Copy out the entries below exactly as they stand, but only from the line containing "(\<Sum>e\<in>edges G. ew" through the line containing "text \<open>A layer".

################

(* Let $L\ge K>0$, $m\ge 1$, $d\ge 1$. For an $L$-layer MinAgg GNN $\mathcal A_\theta$ with hidden dimension $d$ and $m$-layer aggregation and update MLPs, there is an assignment of the parameters $\theta$ with exactly $mL+mK+K$ nonzero entries (all biases zero) such that $\mathcal A_\theta(G)=\Gamma^K(G)$ for every $G\in\mathscr G$, i.e. $h^{(L)}_v(G)=x_v(\Gamma^K(G))$ for all $v\in V(G)$.
   Context: Attributed graphs: $G=(V,E,X_{\mathrm v},X_{\mathrm e})$ with $V$ finite, $E$ a set of undirected edges, nonnegative edge weights $x_{(u,v)}=x_{(v,u)}\ge 0$ and nonnegative real node features $x_v$. Every node carries a self-loop of weight $x_{(v,v)}=0$, and $\mathcal N(v)=\{v\}\cup\{u:\{u,v\}\in E\}$. A constant $\beta>0$ is fixed; $\mathscr G$ is the set of attributed graphs with $\sum_{e\in E}x_e<\beta$. $x_v(H)$ is the feature of $v$ in $H$. The Bellman–Ford operator $\Gamma$ sends $G$ to the graph with the same vertices, edges and edge weights and node features $x'_v=\min\{x_u+x_{(u,v)}:u\in\mathcal N(v)\}$; $\Gamma^K$ is its $K$-fold iterate. An $m$-layer ReLU MLP $f:\mathbb R^{n_0}\to\mathbb R^{n_m}$ has parameters $W_j\in\mathbb R^{n_j\times n_{j-1}}$, $b_j\in\mathbb R^{n_j}$ ($j\in[m]$) and computes $x^{(0)}=x$, $x^{(j)}=\sigma(W_jx^{(j-1)}+b_j)$, $f(x)=x^{(m)}$, where $\sigma$ is componentwise ReLU. MinAgg GNN: an $L$-layer MinAgg GNN $\mathcal A_\theta$ with hidden dimension $d$ and $m$-layer MLPs consists, for each $\ell\in[L]$, of $m$-layer ReLU MLPs $f^{\mathrm{agg},(\ell)}:\mathbb R^{d_{\ell-1}+1}\to\mathbb R^d$ and $f^{\mathrm{up},(\ell)}:\mathbb R^{d+d_{\ell-1}}\to\mathbb R^{d_\ell}$ (internal widths $d$), where $d_0=d_L=1$ and $d_\ell=d$ for $0<\ell<L$. On input $G$: $h^{(0)}_v=x_v$ and $$h^{(\ell)}_v=f^{\mathrm{up},(\ell)}\Big(\min_{u\in\mathcal N(v)}f^{\mathrm{agg},(\ell)}\big(h^{(\ell-1)}_u\oplus x_{(u,v)}\big)\oplus h^{(\ell-1)}_v\Big),$$ with $\min$ taken coordinatewise and $\oplus$ concatenation. The output $\mathcal A_\theta(G)$ is $G$ with node features replaced by $h^{(L)}_v$. $\theta$ is the collection of all weight and bias entries of all these MLPs. *)

theory Defs
  imports Complex_Main
begin

text \<open>Vertices are natural numbers (every finite graph is isomorphic to one on nat).
  Undirected edges are 2-element sets {u,v}, u \<noteq> v. ew gives edge weights,
  nf gives (scalar) node features.\<close>

record agraph =
  verts :: "nat set"
  edges :: "nat set set"
  ew    :: "nat set \<Rightarrow> real"
  nf    :: "nat \<Rightarrow> real"

definition edge_w :: "agraph \<Rightarrow> nat \<Rightarrow> nat \<Rightarrow> real" where
  "edge_w G u v = (if u = v then 0 else ew G {u, v})"

definition nbhd :: "agraph \<Rightarrow> nat \<Rightarrow> nat set" where
  "nbhd G v = {v} \<union> {u. {u, v} \<in> edges G}"

definition in_graph_class :: "real \<Rightarrow> agraph \<Rightarrow> bool" where
  "in_graph_class \<beta> G \<longleftrightarrow>
     finite (verts G) \<and>
     (\<forall>e\<in>edges G. \<exists>u v. e = {u, v} \<and> u \<noteq> v \<and> u \<in> verts G \<and> v \<in> verts G) \<and>
     (\<forall>e\<in>edges G. ew G e \<ge> 0) \<and>
     (\<forall>v\<in>verts G. nf G v \<ge> 0) \<and>
     (\<Sum>e\<in>edges G. ew G e) < \<beta>"

definition bf_step :: "agraph \<Rightarrow> agraph" where
  "bf_step G = G\<lparr> nf := (\<lambda>v. Min ((\<lambda>u. nf G u + edge_w G u v) ` nbhd G v)) \<rparr>"

text \<open>A layer is (W, b), W given as list of rows. Vectors are real lists.\<close>
type_synonym layer = "real list list \<times> real list"

definition relu :: "real \<Rightarrow> real" where
  "relu t = max 0 t"

definition layer_apply :: "layer \<Rightarrow> real list \<Rightarrow> real list" where
  "layer_apply Wb x = map2 (\<lambda>row bi. relu (sum_list (map2 (*) row x) + bi)) (fst Wb) (snd Wb)"

definition mlp_apply :: "layer list \<Rightarrow> real list \<Rightarrow> real list" where
  "mlp_apply ls x = foldl (\<lambda>y l. layer_apply l y) x ls"

definition mlp_shape :: "nat \<Rightarrow> nat \<Rightarrow> nat \<Rightarrow> nat \<Rightarrow> layer list \<Rightarrow> bool" where
  "mlp_shape n0 d nout m ls \<longleftrightarrow> length ls = m \<and>
     (\<forall>j<m. let W = fst (ls ! j); b = snd (ls ! j);
                 ni = (if j = 0 then n0 else d); no = (if j = m - 1 then nout else d)
             in length W = no \<and> length b = no \<and> (\<forall>row\<in>set W. length row = ni))"

definition layer_nnz :: "layer \<Rightarrow> nat" where
  "layer_nnz Wb = sum_list (map (\<lambda>row. length (filter (\<lambda>t. t \<noteq> 0) row)) (fst Wb))
                  + length (filter (\<lambda>t. t \<noteq> 0) (snd Wb))"

definition mlp_nnz :: "layer list \<Rightarrow> nat" where
  "mlp_nnz ls = sum_list (map layer_nnz ls)"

################

## SOLUTION FOR THIS PROBLEM:
     (\<Sum>e\<in>edges G. ew G e) < \<beta>"

definition bf_step :: "agraph \<Rightarrow> agraph" where
  "bf_step G = G\<lparr> nf := (\<lambda>v. Min ((\<lambda>u. nf G u + edge_w G u v) ` nbhd G v)) \<rparr>"

text \<open>A layer is (W, b), W given as list of rows. Vectors are real lists.\<close>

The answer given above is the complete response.